Data link: https://github.com/ microsoft / AGIEval

The researchers used the AGIEval benchmark to evaluate the three most advanced basic models, including GPT-4, ChatGPT and Text-Davinci-003. The results showed that GPT-4 outperformed the human average in SAT, LSAT and math competitions. The accuracy of the SAT math test reached 95%, and the accuracy of the Chinese college entrance examination English test reached 92.5%, indicating the extraordinary performance of the current basic model.

However, GPT-4 is not proficient in tasks that require complex reasoning or domain-specific knowledge. A comprehensive analysis of model capabilities (understanding, knowledge, reasoning and computing) reveals the advantages and limitations of these models.

AGIEval dataset in recent years, large-scale basic models such as GPT-4 have shown very powerful capabilities in various fields, which can assist human beings to deal with daily events, and even provide decision-making advice in legal, medical, financial and other professional fields.

In other words, artificial intelligence system is gradually approaching and realizing general artificial intelligence (AGI).

However, as AI is gradually integrated into daily life, it is very important to evaluate the generalization ability of models, identify potential defects, and ensure that they can effectively deal with complex, people-oriented tasks, as well as evaluate reasoning ability to ensure reliability and credibility in different environments.

Researchers construct AGIEval datasets based on two main design principles:

1. The main goal of "people-oriented" cognitive task design at the human brain level is to focus on tasks closely related to human cognition and problem-solving, and to evaluate the generalization ability of the basic model in a more meaningful and comprehensive way.

To achieve this goal, researchers have chosen a variety of official, open and high-standard admissions and qualification examinations to meet the needs of the average human examinee, including college entrance exams, law school admissions exams, math exams, bar exams and national civil service exams, which are taken every year by millions of people seeking higher education or new career paths.

By complying with these officially recognized criteria for assessing human-level capabilities, AGIEval can ensure that the assessment of model performance is directly related to human decision-making and cognitive abilities.

two。 Relevance to real-world scenarios by selecting tasks from high-standard entrance and qualification examinations, we can ensure that the results of the assessment reflect the complexity and practicality of the challenges often encountered by individuals in different fields and contexts.

This method can not only measure the performance of the model in human cognitive ability, but also better understand the applicability and effectiveness in real life, that is, it will help to develop artificial intelligence systems that are more reliable, more practical and more suitable for solving a wide range of real-world problems.

Based on the above design principles, the researchers chose a variety of standardized high-quality tests, emphasizing the relevance between human-level reasoning and the real world, including:

1. Entrance examination of ordinary colleges and universities

College entrance examination, which includes a variety of subjects and requires critical thinking, problem-solving and analytical skills, is an ideal choice to evaluate the performance of large-scale language models and human cognition.

These include the Postgraduate entrance examination (GRE), the academic Assessment examination (SAT) and the China National College entrance examination (Gaokao), which can assess the general ability and subject-specific knowledge of students seeking admission to higher education institutions.

The data collected eight exams corresponding to the Chinese National College entrance examination: history, Mathematics, English, Chinese, Geography, Biology, Chemistry and Physics; selecting math questions from GRE; and selecting English and math subjects from SAT to build benchmark datasets.

two。 Law school entrance examination

Law school entrance exams, such as LSAT, are designed to measure the reasoning and analytical abilities of future law students, including logical reasoning, reading comprehension and analytical reasoning, and require candidates' ability to analyze complex information and draw accurate conclusions. these tasks can assess the ability of language models in legal reasoning and analysis.

3. Lawyer qualification examination

The legal knowledge, analytical ability and moral understanding of individuals pursuing the legal profession can be assessed, and the examination covers a wide range of legal topics, including the Constitution, contract law, criminal law and property law.
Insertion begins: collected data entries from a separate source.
(* Let $n\ge2$, $s\in(0,1)$, $0<\lambda\le\Lambda<\infty$, and let $L$ be an operator of the form $Lu(x)=\mathrm{P.V.}\int_{\mathbb{R}^n}(u(x)-u(x+y))K(y)\,dy$ with $K(y)=K(-y)$ and $\lambda|y|^{-n-2s}\le K(y)\le\Lambda|y|^{-n-2s}$ for all $y$. Let $R>0$, $0<\kappa<R$, and let $\Omega\subset\mathbb{R}^n$ be an open set satisfying property $(\mathcal{P}_{R,\kappa})$: for all $0<r<R$ and all $z\in\partial\Omega$ there exists $x_{r,z}\in\Omega^c$ with $B_{\kappa r}(x_{r,z})\subset\Omega^c\cap B_r(z)$. Then there exist $d_0=d_0(s,R,\Omega)>0$ and $c_0=c_0(n,s,\lambda,\kappa)>0$ such that \[ L\chi_\Omega(x)\ge c_0\, d_\Omega(x)^{-2s}\qquad\text{for all }x\in\Omega\text{ with } d_\Omega(x)<d_0. \]
   Context: $\chi_\Omega$ is the indicator function of $\Omega$ and $d_\Omega(x)=\mathrm{dist}(x,\Omega^c)$. *)

theory Defs
  imports "HOL-Analysis.Analysis"
begin

definition dOmega :: "('a::metric_space) set \<Rightarrow> 'a \<Rightarrow> real" where
  "dOmega \<Omega> x = infdist x (- \<Omega>)"

definition pv_op :: "(real^'n \<Rightarrow> real) \<Rightarrow> (real^'n \<Rightarrow> real) \<Rightarrow> real^'n \<Rightarrow> real" where
  "pv_op K u x = Lim (at_right 0)
     (\<lambda>\<epsilon>. LINT y : {y. norm y \<ge> \<epsilon>} | lborel. (u x - u (x + y)) * K y)"

definition prop_P :: "real \<Rightarrow> real \<Rightarrow> (real^'n) set \<Rightarrow> bool" where
  "prop_P R \<kappa> \<Omega> \<longleftrightarrow> (\<forall>r z. 0 < r \<and> r < R \<and> z \<in> frontier \<Omega> \<longrightarrow>
      (\<exists>xr. xr \<in> - \<Omega> \<and> ball xr (\<kappa> * r) \<subseteq> - \<Omega> \<inter> ball z r))"

end

theory Submission
  imports Defs
begin

(*
  For x in Omega at distance d = d_Omega(x) from the complement, the integrand of
  L chi_Omega(x) vanishes for |y| < d, so the principal value is the absolutely convergent
  integral of K over {y. x + y \<notin> Omega}; convergence at infinity comes from K <= Lam |y|^(-n-2s)
  with n + 2s > n.  Property (P_{R,kappa}) at a nearest boundary point z, with r = 2d < R,
  gives a ball of radius 2 kappa d inside Omega^c and within distance 3d of x.  There
  K >= lam (3d)^(-n-2s), and integrating over that ball yields the bound with
  c0 = lam 3^(-n-2s) |B_1| (2 kappa)^n and d0 = R/2.
*)

lemma ex_dyadic_interval:
  fixes x :: real
  assumes "1 \<le> x"
  obtains k :: nat where "2 ^ k \<le> x" "x < 2 ^ (k + 1)"
proof
  define k where "k = nat \<lfloor>log 2 x\<rfloor>"
  have "\<lfloor>log 2 x\<rfloor> = int k" using assms unfolding k_def by simp
  then have "2 powr real k \<le> x \<and> x < 2 powr (real k + 1)"
    using assms floor_log_eq_powr_iff[of x 2 "int k"] by simp
  then show "2 ^ k \<le> x" "x < 2 ^ (k + 1)"
    by (simp_all add: powr_realpow[symmetric] powr_add)
qed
Candidates are also required to demonstrate their ability to effectively apply legal principles and reasoning, and the performance of language models can be evaluated in the context of professional legal knowledge and moral judgment.

4. Graduate Management entrance examination (GMAT)
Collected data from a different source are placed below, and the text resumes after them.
lemma index_ptrace_pointer:
  assumes \<sigma>: "\<sigma> \<in> carrier_mat (dS * dA) (dS * dA)" and Z: "Z \<in> carrier_mat dA dA"
    and i: "i < dS" and j: "j < dS"
  shows "ptrace2 dS dA (kron (1\<^sub>m dS) Z * \<sigma>) $$ (i, j)
    = (\<Sum>b<dA. \<Sum>c<dA. Z $$ (b, c) * \<sigma> $$ (i * dA + c, j * dA + b))"
proof -
  have K: "kron (1\<^sub>m dS) Z \<in> carrier_mat (dS * dA) (dS * dA)" using Z by simp
  have "(kron (1\<^sub>m dS) Z * \<sigma>) $$ (i * dA + b, j * dA + b)
      = (\<Sum>c<dA. Z $$ (b, c) * \<sigma> $$ (i * dA + c, j * dA + b))" if b: "b < dA" for b
  proof -
    have "(kron (1\<^sub>m dS) Z * \<sigma>) $$ (i * dA + b, j * dA + b) = (\<Sum>i'<dS. \<Sum>c<dA.
        kron (1\<^sub>m dS) Z $$ (i * dA + b, i' * dA + c) * \<sigma> $$ (i' * dA + c, j * dA + b))"
      using i j b by (simp add: index_mult_mat_sum[OF K \<sigma>] index_mult_add_less sum_lessThan_mult)
    also have "\<dots> = (\<Sum>i'<dS. if i' = i
        then (\<Sum>c<dA. Z $$ (b, c) * \<sigma> $$ (i' * dA + c, j * dA + b)) else 0)"
      using i b by (intro sum.cong refl) (auto simp: index_kron[OF one_carrier_mat Z])
    finally show ?thesis using i by simp
  qed
  then show ?thesis using i j by (simp add: ptrace2_def)
qed

lemma ptrace2_kron_zero:
  assumes "\<sigma> \<in> carrier_mat (dS * dA) (dS * dA)"
  shows "ptrace2 dS dA (kron (1\<^sub>m dS) (0\<^sub>m dA dA) * \<sigma>) = 0\<^sub>m dS dS"
  by (rule eq_matI) (auto simp: index_ptrace_pointer[OF assms zero_carrier_mat])

lemma qform_ptrace_pointer:
  assumes \<sigma>: "\<sigma> \<in> carrier_mat (dS * dA) (dS * dA)" and R: "R \<in> carrier_mat dA dA"
    and u: "u \<in> carrier_vec dS"
  shows "qform dS (ptrace2 dS dA (kron (1\<^sub>m dS) (R * mat_adjoint R) * \<sigma>)) u
    = (\<Sum>e<dA. qform (dS * dA) \<sigma> (kron_vec u (col R e)))"
proof -
  have Z: "R * mat_adjoint R \<in> carrier_mat dA dA" using R by simp
  define T where "T i j b c e =
    cnj (u $ i * R $$ (c, e)) * \<sigma> $$ (i * dA + c, j * dA + b) * (u $ j * R $$ (b, e))" for i j b c e
  have "qform dS (ptrace2 dS dA (kron (1\<^sub>m dS) (R * mat_adjoint R) * \<sigma>)) u
      = (\<Sum>i<dS. \<Sum>j<dS. \<Sum>b<dA. \<Sum>c<dA. \<Sum>e<dA. T i j b c e)"
    using R by (simp add: qform_def index_ptrace_pointer[OF \<sigma> Z]
        index_mult_mat_sum[OF R mat_adjoint_carrier[OF R]] T_def sum_distrib_left sum_distrib_right mult_ac
        del: index_mult_mat)
  also have "\<dots> = (\<Sum>i<dS. \<Sum>j<dS. \<Sum>b<dA. \<Sum>e<dA. \<Sum>c<dA. T i j b c e)"
    by (rule sum.cong[OF refl], rule sum.cong[OF refl], rule sum.cong[OF refl], rule sum.swap)
  also have "\<dots> = (\<Sum>i<dS. \<Sum>j<dS. \<Sum>e<dA. \<Sum>b<dA. \<Sum>c<dA. T i j b c e)"
    by (rule sum.cong[OF refl], rule sum.cong[OF refl], rule sum.swap)
  also have "\<dots> = (\<Sum>i<dS. \<Sum>e<dA. \<Sum>j<dS. \<Sum>b<dA. \<Sum>c<dA. T i j b c e)"
    by (rule sum.cong[OF refl], rule sum.swap)
  also have "\<dots> = (\<Sum>e<dA. \<Sum>i<dS. \<Sum>j<dS. \<Sum>b<dA. \<Sum>c<dA. T i j b c e)"
    by (rule sum.swap)
  also have "\<dots> = (\<Sum>e<dA. qform (dS * dA) \<sigma> (kron_vec u (col R e)))"
    using u R by (simp add: qform_kron_vec T_def)
  finally show ?thesis .
qed

lemma pos_def_op_ptrace_pointer:
  assumes \<sigma>: "pos_def_op (dS * dA) \<sigma>" and Z: "positive_op dA Z" and Z0: "Z \<noteq> 0\<^sub>m dA dA"
  shows "pos_def_op dS (ptrace2 dS dA (kron (1\<^sub>m dS) Z * \<sigma>))"
  unfolding pos_def_op_iff
proof (intro conjI ballI impI)
  show "ptrace2 dS dA (kron (1\<^sub>m dS) Z * \<sigma>) \<in> carrier_mat dS dS" by (simp add: ptrace2_def)
  fix u :: "complex vec" assume u: "u \<in> carrier_vec dS" "u \<noteq> 0\<^sub>v dS"
  have \<sigma>c: "\<sigma> \<in> carrier_mat (dS * dA) (dS * dA)" using \<sigma> by (simp add: pos_def_op_def)
  define R where "R = psd_sqrt dA Z"
  have R: "positive_op dA R" "R * R = Z" using psd_sqrt[OF Z] by (simp_all add: R_def)
  have Rc: "R \<in> carrier_mat dA dA" using R(1) by (simp add: positive_op_def)
  have RR: "R * mat_adjoint R = Z"
    using R positive_op_hermitian[OF R(1)] by (simp add: hermitian_def)
  have "R \<noteq> 0\<^sub>m dA dA"
  proof
    assume "R = 0\<^sub>m dA dA"
    then have "Z = 0\<^sub>m dA dA" using R(2) by (metis left_mult_zero_mat zero_carrier_mat)
    then show False using Z0 by simp
  qed
  then obtain b e where b: "b < dA" and e: "e < dA" and "R $$ (b, e) \<noteq> 0"
    using Rc by (metis carrier_matD eq_matI index_zero_mat(1,2,3))
  then have "col R e $ b \<noteq> 0" using Rc by simp
  then have col: "col R e \<noteq> 0\<^sub>v dA" using b by auto
  have "col R e' \<in> carrier_vec dA" for e' using Rc by (metis carrier_matD(1) col_dim)
  then have terms: "0 \<le> qform (dS * dA) \<sigma> (kron_vec u (col R e'))" for e'
    using pos_def_op_imp_positive_op[OF \<sigma>] u by (simp add: positive_op_iff)
  have "0 < qform (dS * dA) \<sigma> (kron_vec u (col R e))"
    using \<sigma> u Rc e col kron_vec_nonzero[OF u _ col] by (simp add: pos_def_op_iff)
  then show "0 < qform dS (ptrace2 dS dA (kron (1\<^sub>m dS) Z * \<sigma>)) u"
    using qform_ptrace_pointer[OF \<sigma>c Rc u(1)] e terms by (simp add: RR sum_pos2)
qed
GMAT is a standardized test that can evaluate the analytical, quantitative, verbal and comprehensive reasoning skills of future business school graduate students. It consists of analytical writing assessment, comprehensive reasoning, quantitative reasoning and verbal reasoning, and assesses candidates' ability to think critically, analyze data and communicate effectively.

5. High school math competition

These competitions cover a wide range of mathematical topics, including number theory, algebra, geometry and combinatorics, and often arise unconventional problems that need to be solved in creative ways.
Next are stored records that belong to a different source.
lemma sum_legs23_outer_6:
  "(\<Sum>i1\<in>Si1. \<Sum>i2\<in>Si2. \<Sum>i3\<in>Si3. \<Sum>j1\<in>Sj1. \<Sum>j2\<in>Sj2. \<Sum>j3\<in>Sj3. F i1 i2 i3 j1 j2 j3) =
   (\<Sum>i2\<in>Si2. \<Sum>i3\<in>Si3. \<Sum>j2\<in>Sj2. \<Sum>j3\<in>Sj3. \<Sum>j1\<in>Sj1. \<Sum>i1\<in>Si1. F i1 i2 i3 j1 j2 j3)"
  by (simp only: sum.swap[where A=Si1 and B=Si2] sum.swap[where A=Si1 and B=Si3] sum.swap[where A=Si1 and B=Sj1]
      sum.swap[where A=Si1 and B=Sj2] sum.swap[where A=Si1 and B=Sj3] sum.swap[where A=Si3 and B=Si2]
      sum.swap[where A=Sj1 and B=Si2] sum.swap[where A=Sj1 and B=Si3] sum.swap[where A=Sj1 and B=Sj2]
      sum.swap[where A=Sj1 and B=Sj3] sum.swap[where A=Sj2 and B=Si2] sum.swap[where A=Sj2 and B=Si3]
      sum.swap[where A=Sj3 and B=Si2] sum.swap[where A=Sj3 and B=Si3] sum.swap[where A=Sj3 and B=Sj2])

lemma sum_legs12_outer_6:
  "(\<Sum>i1\<in>Si1. \<Sum>i2\<in>Si2. \<Sum>i3\<in>Si3. \<Sum>j1\<in>Sj1. \<Sum>j2\<in>Sj2. \<Sum>j3\<in>Sj3. F i1 i2 i3 j1 j2 j3) =
   (\<Sum>i1\<in>Si1. \<Sum>i2\<in>Si2. \<Sum>j1\<in>Sj1. \<Sum>j2\<in>Sj2. \<Sum>j3\<in>Sj3. \<Sum>i3\<in>Si3. F i1 i2 i3 j1 j2 j3)"
  by (simp only: sum.swap[where A=Si2 and B=Si1] sum.swap[where A=Si3 and B=Si1] sum.swap[where A=Si3 and B=Si2]
      sum.swap[where A=Si3 and B=Sj1] sum.swap[where A=Si3 and B=Sj2] sum.swap[where A=Si3 and B=Sj3]
      sum.swap[where A=Sj1 and B=Si1] sum.swap[where A=Sj1 and B=Si2] sum.swap[where A=Sj2 and B=Si1]
      sum.swap[where A=Sj2 and B=Si2] sum.swap[where A=Sj2 and B=Sj1] sum.swap[where A=Sj3 and B=Si1]
      sum.swap[where A=Sj3 and B=Si2] sum.swap[where A=Sj3 and B=Sj1] sum.swap[where A=Sj3 and B=Sj2])

lemma sum_product_scaled:
  "((\<Sum>a\<in>A. \<Sum>b\<in>B. f a * g b * K) :: 'k::field) = K * ((\<Sum>a\<in>A. f a) * (\<Sum>b\<in>B. g b))"
proof -
  have "K * ((\<Sum>a\<in>A. f a) * (\<Sum>b\<in>B. g b)) = K * (\<Sum>a\<in>A. \<Sum>b\<in>B. f a * g b)"
    by (simp only: sum_product)
  also have "\<dots> = (\<Sum>a\<in>A. \<Sum>b\<in>B. K * (f a * g b))"
    by (simp only: sum_distrib_left)
  finally show ?thesis by (simp add: mult_ac)
qed

lemma sum_apply: "(\<Sum>v\<in>S. f v) i = (\<Sum>v\<in>S. f v i :: 'a::comm_monoid_add)"
  by (induction S rule: infinite_finite_induct) (auto simp: zero_fun_def plus_fun_def)

section \<open>Contracting tensor legs with functionals\<close>

text \<open>contract_fst \<alpha> X is (\<alpha> \<otimes> id)(X) and contract_snd \<alpha> X is (id \<otimes> \<alpha>)(X) for X in H \<otimes> H;
on H \<otimes> H \<otimes> H, contract3_fst \<alpha> is \<alpha> \<otimes> id \<otimes> id, contract3_thd \<alpha> is id \<otimes> id \<otimes> \<alpha> and
contract3_fst_snd \<alpha> \<beta> is \<alpha> \<otimes> \<beta> \<otimes> id.\<close>

definition contract_fst :: "('b::finite \<Rightarrow> 'k::field) \<Rightarrow> ('b \<times> 'b \<Rightarrow> 'k) \<Rightarrow> 'b \<Rightarrow> 'k" where
  "contract_fst \<alpha> X = (\<lambda>c. \<Sum>a\<in>UNIV. \<alpha> a * X (a, c))"

definition contract_snd :: "('b::finite \<Rightarrow> 'k::field) \<Rightarrow> ('b \<times> 'b \<Rightarrow> 'k) \<Rightarrow> 'b \<Rightarrow> 'k" where
  "contract_snd \<alpha> X = (\<lambda>a. \<Sum>c\<in>UNIV. X (a, c) * \<alpha> c)"

definition contract3_fst :: "('b::finite \<Rightarrow> 'k::field) \<Rightarrow> ('b \<times> 'b \<times> 'b \<Rightarrow> 'k) \<Rightarrow> 'b \<times> 'b \<Rightarrow> 'k" where
  "contract3_fst \<alpha> T = (\<lambda>(a, b). \<Sum>k\<in>UNIV. \<alpha> k * T (k, a, b))"

definition contract3_thd :: "('b::finite \<Rightarrow> 'k::field) \<Rightarrow> ('b \<times> 'b \<times> 'b \<Rightarrow> 'k) \<Rightarrow> 'b \<times> 'b \<Rightarrow> 'k" where
  "contract3_thd \<alpha> T = (\<lambda>(a, b). \<Sum>c\<in>UNIV. T (a, b, c) * \<alpha> c)"

definition contract3_fst_snd ::
    "('b::finite \<Rightarrow> 'k::field) \<Rightarrow> ('b \<Rightarrow> 'k) \<Rightarrow> ('b \<times> 'b \<times> 'b \<Rightarrow> 'k) \<Rightarrow> 'b \<Rightarrow> 'k" where
  "contract3_fst_snd \<alpha> \<beta> T = (\<lambda>c. \<Sum>a\<in>UNIV. \<Sum>b\<in>UNIV. \<alpha> a * \<beta> b * T (a, b, c))"

definition multiplicative :: "('b::finite, 'k::field) hopf_sc \<Rightarrow> ('b \<Rightarrow> 'k) \<Rightarrow> bool" where
  "multiplicative H \<alpha> \<longleftrightarrow> (\<forall>a b. (\<Sum>k\<in>UNIV. mc H a b k * \<alpha> k) = \<alpha> a * \<alpha> b)"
It includes the American Mathematical Competition (AMC) and the American Mathematical invitation Test (AIME), which can test students' mathematical ability, creativity and problem-solving ability, and further evaluate the ability of language models to deal with complex and creative mathematical problems, as well as the ability of models to generate novel solutions.

6. Domestic civil servant examination

The abilities and skills of individuals seeking to enter the civil service can be assessed, including general knowledge, reasoning skills, language skills, as well as professional knowledge in specific subjects related to the roles and responsibilities of various civil service positions in China, it is possible to measure the performance of language models in the context of public administration and their potential for policy formulation decision-making and public service delivery.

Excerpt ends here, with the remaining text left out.